The scientific effectiveness of Natural Family Planning, when a couple
believes it is best for their marriage and family to make choices to
avoid a pregnancy is impressive. The less than five percent divorce
rate for couples using NFP speaks volumes about how NFP improves a couples
communication, intimacy and mutual respect. The many previously infertile
couples that have been able to conceive a child assisted by the knowledge
of the fertility cycle and hormonal treatments are an important part
of the good new of NFP.
When the encyclical was released there was a well-orchestrated protest
and condemnation of the Church’s teaching by theologians (many
of whom have since left the church) by lay people and even by priests.
The problem is that many of the people who have rejected the Church’s
teaching have never really understood, nor taken the time to understand
what the Church teaches or why. Since the time of Pope Paul VI, God
has also raised up another great prophet in John Paul II who has spent
much of his pontificate teaching on and defending the dignity of the
vocation of marriage and the high call to holiness which is made to
every married couple.
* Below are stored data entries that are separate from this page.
lemma coeff3_Abs_fps3 [simp]: "coeff3 (Abs_fps3 g) a b c = g a b c"
  by (simp add: coeff3_def Abs_fps3_def)

lemma fps3_ext: "(\<And>a b c. coeff3 f a b c = coeff3 g a b c) \<Longrightarrow> f = g"
  unfolding coeff3_def by (intro fps_ext) auto

lemma coeff3_add [simp]: "coeff3 (f + g) a b c = coeff3 f a b c + coeff3 g a b c"
  and coeff3_diff [simp]: "coeff3 (f' - g') a b c = coeff3 f' a b c - coeff3 g' a b c"
  and coeff3_0 [simp]: "coeff3 0 a b c = 0"
  and coeff3_const3: "coeff3 (const3 r) a b c = (if a = 0 \<and> b = 0 \<and> c = 0 then r else 0)"
  by (simp_all add: coeff3_def)

lemma coeff3_1: "coeff3 (1 :: 'a::{zero,one} fps3) a b c = (if a = 0 \<and> b = 0 \<and> c = 0 then 1 else 0)"
  by (simp add: coeff3_def)

lemma coeff3_sum: "coeff3 (sum f S) a b c = (\<Sum>s\<in>S. coeff3 (f s) a b c)"
  by (simp add: coeff3_def fps_sum_nth)

lemma coeff3_mult:
  "coeff3 (f * g :: 'a::comm_semiring_1 fps3) a b c =
     (\<Sum>i\<le>a. \<Sum>j\<le>b. \<Sum>k\<le>c. coeff3 f i j k * coeff3 g (a - i) (b - j) (c - k))"
  by (simp add: coeff3_def fps_mult_nth fps_sum_nth atLeast0AtMost)

lemma coeff3_const3_mult [simp]:
  "coeff3 (const3 r * f :: 'a::comm_semiring_1 fps3) a b c = r * coeff3 f a b c"
  by (simp add: coeff3_def)

lemma coeff3_of_nat: "coeff3 (of_nat n :: 'a::comm_semiring_1 fps3) a b c = (if a = 0 \<and> b = 0 \<and> c = 0 then of_nat n else 0)"
  by (simp add: fps_of_nat[symmetric] coeff3_const3)

lemma coeff3_mult_000: "coeff3 (f * g :: 'a::comm_semiring_1 fps3) 0 0 0 = coeff3 f 0 0 0 * coeff3 g 0 0 0"
  by (simp add: coeff3_mult)

abbreviation X3 :: "'a::{zero,one} fps3" where "X3 \<equiv> fps_X"
abbreviation Y3 :: "'a::{zero,one} fps3" where "Y3 \<equiv> fps_const fps_X"
abbreviation Z3 :: "'a::{zero,one} fps3" where "Z3 \<equiv> fps_const (fps_const fps_X)"

definition x_series :: "(nat \<Rightarrow> 'a::zero) \<Rightarrow> 'a fps3" where
  "x_series u = Abs_fps (\<lambda>a. fps_const (fps_const (u a)))"

definition y_series :: "(nat \<Rightarrow> 'a::zero) \<Rightarrow> 'a fps3" where
  "y_series u = fps_const (Abs_fps (\<lambda>b. fps_const (u b)))"

lemma coeff3_X3_mult:
  "coeff3 (X3 * f :: 'a::comm_semiring_1 fps3) a b c = (if a = 0 then 0 else coeff3 f (a - 1) b c)"
  by (simp add: coeff3_def fps_X_mult_nth)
He has been asking that all of you rediscover
the great dignity of your vocation to the married life and the sanctity
of the marital act as the expression of that vocation.
As St. Paul talks about in his letter to the Corinthians (see Second
Reading above), the Gospel is not preached through human eloquence,
which I take to mean that it is not my job to convince you of these
truths, as if I can convince anyone of anything. It is your responsibility,
as disciples and followers of Jesus Christ, to be open and faithful
to the teaching of the Church. I’ll admit it is a very difficult
teaching for many, but those who have embraced God’s plan for
marriage and family—it is a source of great joy and peace, even
with the struggles. For those who are hesitant, I would invite you to
very prayerfully and openly begin the process of study and thought about
how Jesus is calling you to change your life—to surrender your
own plans and ideas for his plan for your life.